Find out more on each of these sectors by visiting the fund portal pages below
About the Author:
Anric C. Blatt is the founder and Chairman of the Global Fund Exchange Group. Founded in 2005, the group operates businesses focused on providing visionary investors with solutions to create a sustainable legacy for future generations through prudent and profitable investments into the most compelling vital asset classes and mega macro trends such as energy, water, agriculture and other scarce natural resources.
Mr. Blatt is the co-portfolio manager of the Earth Wind & Fire funds and the AquaTerra fund and is well known for his compelling theme based approach to macro investing and is a frequent speaker at alternative investment conferences, asset allocation round tables and industry events.

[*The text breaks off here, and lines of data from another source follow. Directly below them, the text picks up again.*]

(* Let $R$ be a subring of $\bar{\mathbb{Q}}$ and let $S\subset\mathbb{N}$ be an infinite subset. Then there is no ideal $I$ of $R[q]$ such that the identity of $R[q]$ induces an isomorphism $R[q]^S\cong\varprojlim_j R[q]/I^j$.
   Context: $q$ is an indeterminate. For $n\in\mathbb{N}$, $\Phi_n(q)$ is the $n$th cyclotomic polynomial; for $S\subset\mathbb{N}$, $\Phi_S^*$ is the multiplicative subset of $\mathbb{Z}[q]$ generated by $\{\Phi_m(q):m\in S\}$, directed by divisibility, and $R[q]^S=\varprojlim_{f\in\Phi_S^*}R[q]/(f)$. *)

theory Defs
  imports "HOL-Computational_Algebra.Computational_Algebra" Complex_Main
begin

definition cyclotomic_poly :: "nat \<Rightarrow> complex poly" where
  "cyclotomic_poly n =
     (\<Prod>k\<in>{k. 1 \<le> k \<and> k \<le> n \<and> coprime k n}. [:- cis (2 * pi * real k / real n), 1:])"

definition subring_of_alg :: "complex set \<Rightarrow> bool" where
  "subring_of_alg R \<longleftrightarrow> R \<subseteq> {x. algebraic x} \<and> 0 \<in> R \<and> 1 \<in> R \<and>
     (\<forall>a\<in>R. \<forall>b\<in>R. a + b \<in> R \<and> a * b \<in> R \<and> - a \<in> R)"

definition Rpoly :: "complex set \<Rightarrow> complex poly set" where
  "Rpoly R = {p. \<forall>i. coeff p i \<in> R}"

definition is_ideal :: "complex set \<Rightarrow> complex poly set \<Rightarrow> bool" where
  "is_ideal R I \<longleftrightarrow> I \<subseteq> Rpoly R \<and> 0 \<in> I \<and>
     (\<forall>a\<in>I. \<forall>b\<in>I. a + b \<in> I) \<and> (\<forall>a\<in>I. \<forall>r\<in>Rpoly R. r * a \<in> I)"

definition ideal_gen :: "complex set \<Rightarrow> complex poly set \<Rightarrow> complex poly set" where
  "ideal_gen R X = \<Inter>{J. is_ideal R J \<and> X \<subseteq> J}"

primrec ideal_pow :: "complex set \<Rightarrow> complex poly set \<Rightarrow> nat \<Rightarrow> complex poly set" where
  "ideal_pow R I 0 = Rpoly R"
| "ideal_pow R I (Suc j) = ideal_gen R {a * b | a b. a \<in> ideal_pow R I j \<and> b \<in> I}"

definition pideal :: "complex set \<Rightarrow> complex poly \<Rightarrow> complex poly set" where
  "pideal R f = {f * g | g. g \<in> Rpoly R}"

definition Phi_star :: "nat set \<Rightarrow> complex poly set" where
  "Phi_star S = {prod_mset (image_mset cyclotomic_poly M) | M. set_mset M \<subseteq> S}"

text \<open>Elements (representatives) of R[q]^S = lim_{f \<in> \<Phi>_S^*} R[q]/(f), directed by divisibility.\<close>
definition compat_S :: "complex set \<Rightarrow> nat set \<Rightarrow> (complex poly \<Rightarrow> complex poly) \<Rightarrow> bool" where
  "compat_S R S x \<longleftrightarrow> (\<forall>f\<in>Phi_star S. x f \<in> Rpoly R) \<and>
     (\<forall>f\<in>Phi_star S. \<forall>g\<in>Phi_star S. f dvd g \<longrightarrow> x g - x f \<in> pideal R f)"

text \<open>Elements (representatives) of lim_j R[q]/I^j.\<close>
definition compat_I :: "complex set \<Rightarrow> complex poly set \<Rightarrow> (nat \<Rightarrow> complex poly) \<Rightarrow> bool" where
  "compat_I R I y \<longleftrightarrow> (\<forall>j. y j \<in> Rpoly R) \<and>
     (\<forall>j k. j \<le> k \<longrightarrow> y k - y j \<in> ideal_pow R I j)"

text \<open>y (in the I-adic limit) is sent to x (in R[q]^S) by the map induced by the identity of R[q].\<close>
definition induced :: "complex set \<Rightarrow> nat set \<Rightarrow> complex poly set \<Rightarrow>
    (nat \<Rightarrow> complex poly) \<Rightarrow> (complex poly \<Rightarrow> complex poly) \<Rightarrow> bool" where
  "induced R S I y x \<longleftrightarrow>
     (\<forall>f\<in>Phi_star S. \<forall>j. ideal_pow R I j \<subseteq> pideal R f \<longrightarrow> y j - x f \<in> pideal R f)"

text \<open>The identity of R[q] induces a map lim_j R[q]/I^j \<rightarrow> R[q]^S (i.e. it is continuous:
  every (f) contains some I^j), and this map is bijective (on equivalence classes).\<close>
definition identity_induces_iso :: "complex set \<Rightarrow> nat set \<Rightarrow> complex poly set \<Rightarrow> bool" where
  "identity_induces_iso R S I \<longleftrightarrow>
     (\<forall>f\<in>Phi_star S. \<exists>j. ideal_pow R I j \<subseteq> pideal R f) \<and>
     (\<forall>y y' x. compat_I R I y \<and> compat_I R I y' \<and> compat_S R S x \<and>
         induced R S I y x \<and> induced R S I y' x \<longrightarrow> (\<forall>j. y j - y' j \<in> ideal_pow R I j)) \<and>
     (\<forall>x. compat_S R S x \<longrightarrow> (\<exists>y. compat_I R I y \<and> induced R S I y x))"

Throughout his 20 year career, Mr Blatt has acquired expertise across all asset classes through posts in the US, Switzerland, Hong Kong and Africa. He is an innovative thinker with vision and leadership, a proven aptitude for detecting talent and is known for his strategic focus in moving companies and organizations forward in their goals.
Despite being an avid “quant” with significant expertise and interest in mathematics, statistics and related financial technology, he has an equally matched expertise in qualitative investment processes, having completed due diligence on thousands of investment managers and executed early stage investments in several hundred funds over his career to date.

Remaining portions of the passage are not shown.